───── DATA TO EXAMINE
fun gval :: "nat option \<Rightarrow> nat \<Rightarrow> bool" where
  "gval None y = False"
| "gval (Some x) y = (x \<le> y)"

fun run :: "protocol \<Rightarrow> nat \<Rightarrow> nat \<Rightarrow> bool" where
  "run (Leaf c) a b = c"
| "run (Node p g t0 t1) a b =
     (if gval g (case p of Alice \<Rightarrow> a | Bob \<Rightarrow> b) then run t1 a b else run t0 a b)"

fun depth :: "protocol \<Rightarrow> nat" where
  "depth (Leaf c) = 0"
| "depth (Node p g t0 t1) = Suc (max (depth t0) (depth t1))"

fun wf_protocol :: "nat \<Rightarrow> protocol \<Rightarrow> bool" where
  "wf_protocol n (Leaf c) = True"
| "wf_protocol n (Node p g t0 t1) =
     ((\<forall>x. g = Some x \<longrightarrow> x < 2^n) \<and> wf_protocol n t0 \<and> wf_protocol n t1)"

definition computes :: "nat \<Rightarrow> protocol \<Rightarrow> (nat \<Rightarrow> nat \<Rightarrow> bool) \<Rightarrow> bool" where
  "computes n T f \<longleftrightarrow> wf_protocol n T \<and> (\<forall>a\<in>cube n. \<forall>b\<in>cube n. run T a b = f a b)"

definition C_comp :: "nat \<Rightarrow> (nat \<Rightarrow> nat \<Rightarrow> bool) \<Rightarrow> nat" where
  "C_comp n f = (LEAST d. \<exists>T. computes n T f \<and> depth T = d)"

end

theory Submission
  imports Defs
begin

(*
  A comparison protocol of depth d splits the square into at most 2^d leaf regions. Every
  query compares one coordinate with a threshold, so each region is a product of two
  intervals, and the output of the protocol is constant on it; hence chi_geom <= 2^C_comp.

  Conversely, let P be a partition into at most 2^c monochromatic rectangles. Alice binary
  searches for the largest left edge t <= a of a rectangle of P, then Bob for the largest
  lower edge u <= b (c queries each), and the leaf outputs f t u. If (a, b) lies in the
  rectangle [a1,a2] x [b1,b2] of P, then a1 <= t <= a and b1 <= u <= b, so (t, u) lies in
  the same rectangle and f t u = f a b.
*)

section \<open>Binary search protocols\<close>

lemma list_halving_induct [case_names Nil single halve]:
  assumes "P []" and "\<And>x. P [x]"
    and "\<And>xs. 2 \<le> length xs \<Longrightarrow> P (take (length xs div 2) xs)
           \<Longrightarrow> P (drop (length xs div 2) xs) \<Longrightarrow> P xs"
  shows "P xs"
proof (induction xs rule: length_induct)
  case (1 xs)
  show ?case
  proof (cases xs rule: remdups_adj.cases)
    case (3 x y zs)
    then show ?thesis using 1 assms(3) by simp
  qed (use assms in auto)
qed

lemma sorted_append_le_in_left:
  assumes "sorted (l @ r)" and "r \<noteq> []" and "t \<in> set (l @ r)" and "t \<le> v" and "\<not> hd r \<le> v"
  shows "t \<in> set l"
proof (rule ccontr)
  assume "t \<notin> set l"
  then have "t \<in> set r"
    using assms(3) by simp
  then have "hd r \<le> t"
    using assms(1,2) by (cases r) (auto simp: sorted_append)
  with assms(4,5) show False
    by simp
qed

lemma Max_le_append_sorted:
  fixes v :: "'a::linorder"
  assumes "sorted (l @ r)" and "r \<noteq> []" and "hd r \<le> v"
  shows "Max {t \<in> set (l @ r). t \<le> v} = Max {t \<in> set r. t \<le> v}"
proof -
  let ?M = "Max {t \<in> set r. t \<le> v}"
  have hd_r: "hd r \<in> {t \<in> set r. t \<le> v}"
    using assms(2,3) by simp
  then have M: "?M \<in> {t \<in> set r. t \<le> v}"
    by (intro Max_in) auto
  have "hd r \<le> ?M"
    using hd_r by simp
  have "y \<le> ?M" if "y \<in> set (l @ r)" "y \<le> v" for y
  proof (cases "y \<in> set l")
    case True
    then have "y \<le> hd r"
      using assms(1) hd_r by (auto simp: sorted_append)
    with \<open>hd r \<le> ?M\<close> show ?thesis by simp
  next
    case False
    then show ?thesis using that by simp
  qed
  with M show ?thesis
    by (intro Max_eqI) auto
qed

lemma Max_predecessor_bounds:
  fixes A :: "'a::linorder set"
  assumes "finite A" and "x \<in> A" and "x \<le> a"
  shows "x \<le> Max {t \<in> A. t \<le> a}" and "Max {t \<in> A. t \<le> a} \<le> a"
proof -
  have "Max {t \<in> A. t \<le> a} \<in> {t \<in> A. t \<le> a}"
    using assms by (intro Max_in) auto
  then show "Max {t \<in> A. t \<le> a} \<le> a"
    by simp
  show "x \<le> Max {t \<in> A. t \<le> a}"
    using assms by (intro Max_ge) auto
qed

(* The empty list never occurs in the protocols built below; its leaf is arbitrary. *)
function search :: "player \<Rightarrow> nat list \<Rightarrow> (nat \<Rightarrow> protocol) \<Rightarrow> protocol" where
  "search p [] k = Leaf False"
| "search p [x] k = k x"
| "search p (x # y # zs) k =
     (let xs = x # y # zs; h = length xs div 2
      in Node p (Some (xs ! h)) (search p (take h xs) k) (search p (drop h xs) k))"
  by pat_completeness auto
termination
  by (relation "measure (\<lambda>(p, xs, k). length xs)") auto

lemma search_halve:
  assumes "2 \<le> length xs"
  shows "search p xs k = Node p (Some (xs ! (length xs div 2)))
     (search p (take (length xs div 2) xs) k) (search p (drop (length xs div 2) xs) k)"
proof -
  obtain x y zs where "xs = x # y # zs"
    using assms by (metis Suc_le_length_iff numeral_2_eq_2)
  then show ?thesis by (simp only: search.simps Let_def)
qed

abbreviation player_input :: "player \<Rightarrow> nat \<Rightarrow> nat \<Rightarrow> nat" where
  "player_input p a b \<equiv> case p of Alice \<Rightarrow> a | Bob \<Rightarrow> b"

lemma depth_search:
  assumes "length xs \<le> 2 ^ c" and "\<forall>t\<in>set xs. depth (k t) \<le> D"
  shows "depth (search p xs k) \<le> c + D"
  using assms
proof (induction xs arbitrary: c rule: list_halving_induct)
  case (halve xs)
  then obtain c' where c: "c = Suc c'"
    by (cases c) auto
  have "length (take (length xs div 2) xs) \<le> 2 ^ c'" "length (drop (length xs div 2) xs) \<le> 2 ^ c'"
    using halve.prems(1) c by auto
  with halve show ?case
    by (force simp: search_halve c dest: in_set_takeD in_set_dropD)
qed auto

lemma wf_search:
  assumes "\<forall>t\<in>set xs. t < 2 ^ n" and "\<forall>t\<in>set xs. wf_protocol n (k t)"
  shows "wf_protocol n (search p xs k)"
  using assms
proof (induction xs rule: list_halving_induct)
  case (halve xs)
  then show ?case
    by (auto simp: search_halve dest: in_set_takeD in_set_dropD)
qed auto

lemma run_search:
  assumes "sorted xs" and "\<exists>t\<in>set xs. t \<le> player_input p a b"
  shows "run (search p xs k) a b = run (k (Max {t \<in> set xs. t \<le> player_input p a b})) a b"
  using assms
proof (induction xs rule: list_halving_induct)
  case Nil
  then show ?case by simp
next
  case (single x)
  then have "{t \<in> set [x]. t \<le> player_input p a b} = {x}" by auto
  then show ?case by simp
next
  case (halve xs)
  define v where "v = player_input p a b"
  define l where "l = take (length xs div 2) xs"
  define r where "r = drop (length xs div 2) xs"
  have xs: "xs = l @ r" and "r \<noteq> []"
    using halve.hyps by (auto simp: l_def r_def)
  have "xs ! (length xs div 2) = hd r"
    using \<open>r \<noteq> []\<close> by (simp add: r_def hd_drop_conv_nth)
  then have run_xs: "run (search p xs k) a b =
      (if hd r \<le> v then run (search p r k) a b else run (search p l k) a b)"
    by (cases p) (simp_all add: search_halve[OF halve.hyps] flip: l_def r_def add: v_def)
  have "sorted l" "sorted r"
    using halve.prems(1) xs by (simp_all add: sorted_append)
  show ?case
  proof (cases "hd r \<le> v")
    case True
    then have "\<exists>t\<in>set r. t \<le> v"
      using \<open>r \<noteq> []\<close> hd_in_set by blast
    then have "run (search p r k) a b = run (k (Max {t \<in> set r. t \<le> v})) a b"
      using halve.IH(2) \<open>sorted r\<close> unfolding r_def v_def by blast
    then show ?thesis
      using True run_xs Max_le_append_sorted[of l r v] halve.prems(1) \<open>r \<noteq> []\<close>
      by (simp add: xs v_def)
  next
    case False
    then have below_v: "{t \<in> set xs. t \<le> v} = {t \<in> set l. t \<le> v}"
      using sorted_append_le_in_left[of l r] halve.prems(1) \<open>r \<noteq> []\<close> by (auto simp: xs)
    then have "\<exists>t\<in>set l. t \<le> v"
      using halve.prems(2) by (auto simp: v_def)
    then have "run (search p l k) a b = run (k (Max {t \<in> set l. t \<le> v})) a b"
      using halve.IH(1) \<open>sorted l\<close> unfolding l_def v_def by blast
    then show ?thesis
      using False run_xs below_v by (simp add: v_def)
  qed
qed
──────────
### TASK ITEM
Output the records above exactly, from their first line through the line that contains "rectangle [a1,a2] x", and add nothing.

### TASK RESPONSE
fun gval :: "nat option \<Rightarrow> nat \<Rightarrow> bool" where
  "gval None y = False"
| "gval (Some x) y = (x \<le> y)"

fun run :: "protocol \<Rightarrow> nat \<Rightarrow> nat \<Rightarrow> bool" where
  "run (Leaf c) a b = c"
| "run (Node p g t0 t1) a b =
     (if gval g (case p of Alice \<Rightarrow> a | Bob \<Rightarrow> b) then run t1 a b else run t0 a b)"

fun depth :: "protocol \<Rightarrow> nat" where
  "depth (Leaf c) = 0"
| "depth (Node p g t0 t1) = Suc (max (depth t0) (depth t1))"

fun wf_protocol :: "nat \<Rightarrow> protocol \<Rightarrow> bool" where
  "wf_protocol n (Leaf c) = True"
| "wf_protocol n (Node p g t0 t1) =
     ((\<forall>x. g = Some x \<longrightarrow> x < 2^n) \<and> wf_protocol n t0 \<and> wf_protocol n t1)"

definition computes :: "nat \<Rightarrow> protocol \<Rightarrow> (nat \<Rightarrow> nat \<Rightarrow> bool) \<Rightarrow> bool" where
  "computes n T f \<longleftrightarrow> wf_protocol n T \<and> (\<forall>a\<in>cube n. \<forall>b\<in>cube n. run T a b = f a b)"

definition C_comp :: "nat \<Rightarrow> (nat \<Rightarrow> nat \<Rightarrow> bool) \<Rightarrow> nat" where
  "C_comp n f = (LEAST d. \<exists>T. computes n T f \<and> depth T = d)"

end

theory Submission
  imports Defs
begin

(*
  A comparison protocol of depth d splits the square into at most 2^d leaf regions. Every
  query compares one coordinate with a threshold, so each region is a product of two
  intervals, and the output of the protocol is constant on it; hence chi_geom <= 2^C_comp.

  Conversely, let P be a partition into at most 2^c monochromatic rectangles. Alice binary
  searches for the largest left edge t <= a of a rectangle of P, then Bob for the largest
  lower edge u <= b (c queries each), and the leaf outputs f t u. If (a, b) lies in the
  rectangle [a1,a2] x [b1,b2] of P, then a1 <= t <= a and b1 <= u <= b, so (t, u) lies in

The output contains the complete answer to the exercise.